(Collected data)
(* For every $n\ge1$, every greedy-from-the-bottom (GFB) tree $T$ with $n$ leaves satisfies $\mathcal{C}(T)=c_n$.
   Context: Bifurcating trees: rooted trees in which every internal node has exactly two children, considered up to isomorphism; $\mathcal{T}_n$ is the set of such trees with $n$ leaves. For a node $w$, $\kappa_T(w)$ is its number of descendant leaves. The Colless index is $\mathcal{C}(T)=\sum_{v}|\kappa_T(v_1)-\kappa_T(v_2)|$, summed over internal nodes $v$ with children $v_1,v_2$; $c_n=\min\{\mathcal{C}(T):T\in\mathcal{T}_n\}$. GFB trees: start with a multiset of $n$ single-node trees; while the multiset has more than one tree, remove a tree $u$ with the minimum number of leaves, then remove a tree $v$ with the minimum number of leaves among the remaining trees, and insert the tree consisting of a new root whose two children are the roots of $u$ and $v$. Any tree that can be the final remaining tree of this procedure is a GFB tree with $n$ leaves. *)

theory Defs
  imports Main "HOL-Library.Multiset"
begin

text \<open>Rooted bifurcating trees (ordered representatives; Colless index and leaf
counts are invariant under swapping children, so isomorphism classes need not be
formed explicitly).\<close>
datatype btree = Leaf | Node btree btree

fun leaves :: "btree \<Rightarrow> nat" where
  "leaves Leaf = 1"
| "leaves (Node l r) = leaves l + leaves r"

fun colless :: "btree \<Rightarrow> nat" where
  "colless Leaf = 0"
| "colless (Node l r) = colless l + colless r + nat \<bar>int (leaves l) - int (leaves r)\<bar>"

definition min_colless :: "nat \<Rightarrow> nat" where
  "min_colless n = Min {colless t | t. leaves t = n}"

inductive gfb_step :: "btree multiset \<Rightarrow> btree multiset \<Rightarrow> bool" where
  "\<lbrakk> u \<in># M; \<forall>w\<in>#M. leaves u \<le> leaves w;
     v \<in># M - {#u#}; \<forall>w\<in>#M - {#u#}. leaves v \<le> leaves w \<rbrakk>
   \<Longrightarrow> gfb_step M (add_mset (Node u v) (M - {#u#} - {#v#}))"

definition is_GFB :: "nat \<Rightarrow> btree \<Rightarrow> bool" where
  "is_GFB n T \<longleftrightarrow> gfb_step\<^sup>*\<^sup>* (replicate_mset n Leaf) {#T#}"

end

theory Submission
  imports Defs
begin

text \<open>
  Let b(n) be the Colless index of the maximally balanced tree, given by
  b(n) = b(\<lfloor>n/2\<rfloor>) + b(\<lceil>n/2\<rceil>) + (n mod 2). The defect
  b(a) + b(b) + |a - b| - b(a + b) obeys recurrences in the halves of a and b, from which
  strong induction shows that it is nonnegative; hence b(leaves t) \<le> colless t for every
  tree t, and b(n) is the minimal Colless index as soon as some tree attains it. The same
  recurrences show that the defect vanishes when a \<le> b \<le> 2a and one of a, b is a power
  of two. Every GFB merge is such an equality case, because the forest keeps the invariant:
  each tree t has Colless index b(leaves t), any two sizes differ by a factor at most 2, and
  at most one size is not a power of two.
\<close>



fun balanced_colless :: "nat \<Rightarrow> nat" where
  "balanced_colless n =
     (if n \<le> 1 then 0
      else balanced_colless (n div 2) + balanced_colless ((n + 1) div 2) + n mod 2)"

declare balanced_colless.simps [simp del]

lemma balanced_colless_0 [simp]: "balanced_colless 0 = 0"
  and balanced_colless_1 [simp]: "balanced_colless (Suc 0) = 0"
  by (simp_all add: balanced_colless.simps)

lemma balanced_colless_double: "balanced_colless (2 * k) = 2 * balanced_colless k"
  by (cases "k = 0") (simp, subst balanced_colless.simps, simp)

lemma balanced_colless_Suc_double:
  "k \<ge> 1 \<Longrightarrow>
     balanced_colless (2 * k + 1) = balanced_colless k + balanced_colless (k + 1) + 1"
  by (subst balanced_colless.simps) simp

lemma balanced_colless_power_of_2: "balanced_colless (2 ^ i) = 0"
  by (induction i) (simp_all add: balanced_colless_double)

lemma balanced_colless_Suc_le:
  "a \<ge> 1 \<Longrightarrow> balanced_colless (a + 1) + 1 \<le> balanced_colless a + a"
proof (induction a rule: less_induct)
  case (less a)
  show ?case
  proof (cases "a = 1")
    case True
    then show ?thesis using balanced_colless_power_of_2[of 1] by (simp add: numeral_2_eq_2)
  next
    case False
    obtain x where "a = 2 * x \<or> a = 2 * x + 1" by (metis evenE oddE)
    moreover from this have "x \<ge> 1" "x < a" using less.prems False by auto
    ultimately show ?thesis
      using less.IH[of x] balanced_colless_double[of x] balanced_colless_double[of "x + 1"]
        balanced_colless_Suc_double[of x] by auto
  qed
qed

definition colless_defect :: "nat \<Rightarrow> nat \<Rightarrow> int" where
  "colless_defect a b = int (balanced_colless a) + int (balanced_colless b)
     + \<bar>int a - int b\<bar> - int (balanced_colless (a + b))"

lemma colless_defect_commute: "colless_defect a b = colless_defect b a"
  by (simp add: colless_defect_def add.commute abs_minus_commute)

lemma colless_defect_double: "colless_defect (2 * x) (2 * y) = 2 * colless_defect x y"
proof -
  have "\<bar>int (2 * x) - int (2 * y)\<bar> = 2 * \<bar>int x - int y\<bar>"
    by (auto simp: abs_if)
  then show ?thesis
    using balanced_colless_double[of x] balanced_colless_double[of y]
      balanced_colless_double[of "x + y"]
    by (simp add: colless_defect_def algebra_simps)
qed

lemma colless_defect_double_Suc_double:
  assumes "y \<ge> 1"
  shows "colless_defect (2 * x) (2 * y + 1) = colless_defect x y + colless_defect x (y + 1)"
proof -
  have "\<bar>int (2 * x) - int (2 * y + 1)\<bar> = \<bar>int x - int y\<bar> + \<bar>int x - int (y + 1)\<bar>"
    by auto
  moreover have "2 * x + (2 * y + 1) = 2 * (x + y) + 1" "x + (y + 1) = x + y + 1"
    by simp_all
  ultimately show ?thesis
    using assms balanced_colless_Suc_double[of y] balanced_colless_Suc_double[of "x + y"]
    by (simp add: colless_defect_def balanced_colless_double)
qed

lemma colless_defect_Suc_double_Suc_double:
  assumes "x \<ge> 1" "y \<ge> 1"
  shows "colless_defect x (y + 1) + colless_defect (x + 1) y
           \<le> colless_defect (2 * x + 1) (2 * y + 1)"
proof -
  have "\<bar>int x - int (y + 1)\<bar> + \<bar>int (x + 1) - int y\<bar>
          \<le> 2 + \<bar>int (2 * x + 1) - int (2 * y + 1)\<bar>"
    by auto
  moreover have "2 * x + 1 + (2 * y + 1) = 2 * (x + y + 1)" "x + (y + 1) = x + y + 1"
    "x + 1 + y = x + y + 1"
    by simp_all
  ultimately show ?thesis
    using assms balanced_colless_Suc_double[of x] balanced_colless_Suc_double[of y]
      balanced_colless_double[of "x + y + 1"]
    by (simp add: colless_defect_def)
qed

lemma colless_defect_nonneg: "colless_defect a b \<ge> 0"
proof (induction "a + b" arbitrary: a b rule: less_induct)
  case less
  have small: "colless_defect c d \<ge> 0" if "d \<le> 1" for c d
    using that balanced_colless_Suc_le[of c]
    by (cases "c = 0") (auto simp: le_Suc_eq colless_defect_def)
  have large: "colless_defect c d \<ge> 0"
    if cd: "c \<ge> 2" "d \<ge> 2" "c + d = a + b" "even c \<or> odd d" for c d
  proof -
    obtain x where x: "c = 2 * x \<or> c = 2 * x + 1" by (metis evenE oddE)
    obtain y where y: "d = 2 * y \<or> d = 2 * y + 1" by (metis evenE oddE)
    have xy: "x \<ge> 1" "y \<ge> 1"
      using x y cd by auto
    consider "c = 2 * x" "d = 2 * y" | "c = 2 * x" "d = 2 * y + 1"
      | "c = 2 * x + 1" "d = 2 * y + 1"
      using x y cd(4) by auto
    then show ?thesis
      using cd xy less[of x y] less[of x "y + 1"] less[of "x + 1" y]
        colless_defect_double[of x y] colless_defect_double_Suc_double[of y x]
        colless_defect_Suc_double_Suc_double[of x y]
      by cases simp_all
  qed
  show ?case
    using small[of a b] small[of b a] large[of a b] large[of b a] colless_defect_commute[of a b]
    by (cases "a \<le> 1 \<or> b \<le> 1") force+
qed

lemma colless_defect_power_of_2:
  "2 ^ i \<le> 2 * x \<Longrightarrow> x \<le> 2 ^ (i + 1) \<Longrightarrow> colless_defect (2 ^ i) x = 0"
proof (induction i arbitrary: x)
  case 0
  then have "x = 1 \<or> x = 2" by auto
  then show ?case
    using balanced_colless_Suc_double[of 1] balanced_colless_power_of_2[of 1]
    by (auto simp: colless_defect_def numeral_2_eq_2)
next
  case (Suc i)
  obtain y where "x = 2 * y \<or> x = 2 * y + 1" by (metis evenE oddE)
  then show ?case
  proof
    assume x: "x = 2 * y"
    then have "colless_defect (2 ^ i) y = 0"
      using Suc by (intro Suc.IH) auto
    then show ?thesis
      using x colless_defect_double[of "2 ^ i" y] by simp
  next
    assume x: "x = 2 * y + 1"
    show ?thesis
    proof (cases "y = 0")
      case True
      then have "i = 0"
        using x Suc.prems power_le_one_iff[of "2::nat" i] by simp
      then show ?thesis
        using x True balanced_colless_Suc_double[of 1] balanced_colless_power_of_2[of 1]
        by (simp add: colless_defect_def numeral_2_eq_2 numeral_3_eq_3)
    next
      case False
      have "2 ^ i \<le> 2 * y" "y + 1 \<le> 2 ^ (i + 1)"
        using x Suc.prems False by (cases i; simp; presburger)+
      then have "colless_defect (2 ^ i) y = 0" "colless_defect (2 ^ i) (y + 1) = 0"
        using Suc.IH[of y] Suc.IH[of "y + 1"] by auto
      then show ?thesis
        using x False colless_defect_double_Suc_double[of y "2 ^ i"] by simp
    qed
  qed
qed

lemma balanced_colless_le_colless: "balanced_colless (leaves t) \<le> colless t"
proof (induction t)
  case (Node l r)
  have "colless_defect (leaves l) (leaves r) \<ge> 0"
    by (rule colless_defect_nonneg)
  with Node show ?case
    by (simp add: colless_defect_def)
qed simp

lemma leaves_ge_1: "leaves t \<ge> 1"
  by (induction t) auto

lemma colless_le_square: "colless t \<le> leaves t * leaves t"
proof (induction t)
  case (Node l r)
  have "leaves l \<le> leaves l * leaves r" "leaves r \<le> leaves l * leaves r"
    using leaves_ge_1[of l] leaves_ge_1[of r] by simp_all
  then have "nat \<bar>int (leaves l) - int (leaves r)\<bar> \<le> 2 * (leaves l * leaves r)"
    by linarith
  with Node show ?case by (simp add: algebra_simps)
qed simp

lemma min_colless_eqI:
  assumes "leaves T = n" "colless T = balanced_colless n"
  shows "min_colless n = colless T"
  unfolding min_colless_def
proof (rule Min_eqI)
  show "finite {colless t |t. leaves t = n}"
    by (rule finite_subset[of _ "{..n * n}"]) (use colless_le_square in fastforce)+
  show "colless T \<le> c" if "c \<in> {colless t |t. leaves t = n}" for c
  proof -
    from that obtain t where "c = colless t" "leaves t = n" by blast
    then show ?thesis using assms balanced_colless_le_colless[of t] by simp
  qed
qed (use assms in blast)

definition power_of_two :: "nat \<Rightarrow> bool" where
  "power_of_two m \<longleftrightarrow> (\<exists>i. m = 2 ^ i)"

lemma balanced_colless_add_eq:
  assumes "a \<le> b" "b \<le> 2 * a" "power_of_two a \<or> power_of_two b"
  shows "balanced_colless (a + b)
           = balanced_colless a + balanced_colless b + nat \<bar>int a - int b\<bar>"
proof -
  have "colless_defect a b = 0"
    using assms colless_defect_power_of_2 colless_defect_commute[of a b]
    unfolding power_of_two_def by auto
  then show ?thesis
    by (simp add: colless_defect_def)
qed

lemma power_of_two_le_double:
  assumes "power_of_two a" "power_of_two b" "a \<le> b" "b \<le> 2 * a"
  shows "b = a \<or> b = 2 * a"
proof -
  obtain i j where a: "a = 2 ^ i" and b: "b = 2 ^ j"
    using assms(1,2) unfolding power_of_two_def by blast
  have "(2::nat) ^ i \<le> 2 ^ j" "(2::nat) ^ j \<le> 2 ^ Suc i"
    using assms(3,4) a b by simp_all
  then have "i \<le> j" "j \<le> Suc i"
    by (simp_all del: power_Suc)
  then have "j = i \<or> j = Suc i" by linarith
  then show ?thesis using a b by auto
qed

definition gfb_invariant :: "nat \<Rightarrow> btree multiset \<Rightarrow> bool" where
  "gfb_invariant n M \<longleftrightarrow>
     (\<Sum>t\<in>#M. leaves t) = n \<and>
     (\<forall>t\<in>#M. colless t = balanced_colless (leaves t)) \<and>
     (\<forall>s\<in>#M. \<forall>t\<in>#M. leaves s \<le> 2 * leaves t) \<and>
     size (filter_mset (\<lambda>t. \<not> power_of_two (leaves t)) M) \<le> 1"

lemma gfb_invariant_replicate_Leaf: "gfb_invariant n (replicate_mset n Leaf)"
proof -
  have "power_of_two 1"
    unfolding power_of_two_def by (metis power_0)
  then have all_powers:
    "filter_mset (\<lambda>t. \<not> power_of_two (leaves t)) (replicate_mset n Leaf) = {#}"
    by simp
  show ?thesis
    using \<open>power_of_two 1\<close> unfolding gfb_invariant_def all_powers
    by (simp add: sum_mset_replicate_mset)
qed

lemma gfb_invariant_merge:
  assumes inv: "gfb_invariant n (add_mset u (add_mset v R))"
    and uv: "leaves u \<le> leaves v" and v_min: "\<forall>w\<in>#R. leaves v \<le> leaves w"
  shows "gfb_invariant n (add_mset (Node u v) R)"
proof -
  define a b where "a = leaves u" and "b = leaves v"
  let ?np = "\<lambda>t. \<not> power_of_two (leaves t)"
  have ratio: "\<forall>s\<in>#add_mset u (add_mset v R). \<forall>t\<in>#add_mset u (add_mset v R).
                  leaves s \<le> 2 * leaves t"
    and few: "size (filter_mset ?np (add_mset u (add_mset v R))) \<le> 1"
    using inv unfolding gfb_invariant_def by blast+
  have "b \<le> 2 * a" and R_le: "\<forall>w\<in>#R. leaves w \<le> 2 * a"
    using ratio by (simp_all add: a_def b_def)
  have "filter_mset ?np R \<subseteq># filter_mset ?np (add_mset u (add_mset v R))"
    by (intro multiset_filter_mono) auto
  with few have R_np: "size (filter_mset ?np R) \<le> 1"
    using size_mset_mono order_trans by blast
  have u_or_v: "power_of_two a \<or> power_of_two b"
    using few by (auto simp: a_def b_def split: if_splits)
  have R_pow: "filter_mset ?np R = {#}" if "\<not> (power_of_two a \<and> power_of_two b)"
    using few that by (auto simp: a_def b_def split: if_splits)
  have colless_Node: "colless (Node u v) = balanced_colless (leaves (Node u v))"
    using inv balanced_colless_add_eq[OF _ \<open>b \<le> 2 * a\<close> u_or_v] uv
    by (simp add: gfb_invariant_def a_def b_def)
  have "filter_mset ?np R = {#}" if "\<not> power_of_two (a + b)"
  proof (cases "power_of_two a \<and> power_of_two b")
    case True
    then have "b = a \<or> b = 2 * a"
      using power_of_two_le_double uv \<open>b \<le> 2 * a\<close> by (simp add: a_def b_def)
    moreover have "b \<noteq> a"
      using True that unfolding power_of_two_def by (metis mult_2 power_Suc)
    ultimately have "\<forall>w\<in>#R. leaves w = b"
      using v_min R_le by (fastforce simp: b_def)
    with True show ?thesis by simp
  qed (use R_pow in blast)
  with inv R_np v_min R_le uv colless_Node show ?thesis
    unfolding gfb_invariant_def by (auto simp: a_def b_def)
qed

lemma gfb_invariant_step:
  assumes "gfb_step M M'" "gfb_invariant n M"
  shows "gfb_invariant n M'"
  using assms(1)
proof cases
  case (1 u v)
  define R where "R = M - {#u#} - {#v#}"
  have M_minus_u: "M - {#u#} = add_mset v R"
    unfolding R_def using insert_DiffM[of v "M - {#u#}"] 1 by simp
  then have M: "M = add_mset u (add_mset v R)"
    using 1 by (metis insert_DiffM)
  show ?thesis
    unfolding \<open>M' = _\<close> R_def[symmetric]
  proof (rule gfb_invariant_merge)
    show "gfb_invariant n (add_mset u (add_mset v R))"
      using assms(2) M by simp
    show "leaves u \<le> leaves v" "\<forall>w\<in>#R. leaves v \<le> leaves w"
      using 1 M M_minus_u by simp_all
  qed
qed

lemma gfb_invariant_rtranclp:
  "gfb_step\<^sup>*\<^sup>* M M' \<Longrightarrow> gfb_invariant n M \<Longrightarrow> gfb_invariant n M'"
  by (induction rule: rtranclp_induct) (auto intro: gfb_invariant_step)

theorem proposition6:
  fixes n :: nat and T :: btree
  assumes "n \<ge> 1" and "is_GFB n T"
  shows "colless T = min_colless n"
  \<comment> \<open>The hypothesis \<open>n \<ge> 1\<close> is implied by \<open>is_GFB n T\<close>.\<close>
proof -
  have "gfb_invariant n {#T#}"
    using assms(2) gfb_invariant_replicate_Leaf unfolding is_GFB_def
    by (rule gfb_invariant_rtranclp)
  then have "leaves T = n" "colless T = balanced_colless n"
    unfolding gfb_invariant_def by auto
  then show ?thesis
    by (simp add: min_colless_eqI)
qed

end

» **TASK INSTRUCTIONS**
When you reach the line holding "using \<open>power_of_two 1\<close>" in the records above, begin reproducing exactly, stop after the line holding "using few that", and output nothing else.

» **EXPECTED OUTPUT**
    using \<open>power_of_two 1\<close> unfolding gfb_invariant_def all_powers
    by (simp add: sum_mset_replicate_mset)
qed

lemma gfb_invariant_merge:
  assumes inv: "gfb_invariant n (add_mset u (add_mset v R))"
    and uv: "leaves u \<le> leaves v" and v_min: "\<forall>w\<in>#R. leaves v \<le> leaves w"
  shows "gfb_invariant n (add_mset (Node u v) R)"
proof -
  define a b where "a = leaves u" and "b = leaves v"
  let ?np = "\<lambda>t. \<not> power_of_two (leaves t)"
  have ratio: "\<forall>s\<in>#add_mset u (add_mset v R). \<forall>t\<in>#add_mset u (add_mset v R).
                  leaves s \<le> 2 * leaves t"
    and few: "size (filter_mset ?np (add_mset u (add_mset v R))) \<le> 1"
    using inv unfolding gfb_invariant_def by blast+
  have "b \<le> 2 * a" and R_le: "\<forall>w\<in>#R. leaves w \<le> 2 * a"
    using ratio by (simp_all add: a_def b_def)
  have "filter_mset ?np R \<subseteq># filter_mset ?np (add_mset u (add_mset v R))"
    by (intro multiset_filter_mono) auto
  with few have R_np: "size (filter_mset ?np R) \<le> 1"
    using size_mset_mono order_trans by blast
  have u_or_v: "power_of_two a \<or> power_of_two b"
    using few by (auto simp: a_def b_def split: if_splits)
  have R_pow: "filter_mset ?np R = {#}" if "\<not> (power_of_two a \<and> power_of_two b)"
    using few that by (auto simp: a_def b_def split: if_splits)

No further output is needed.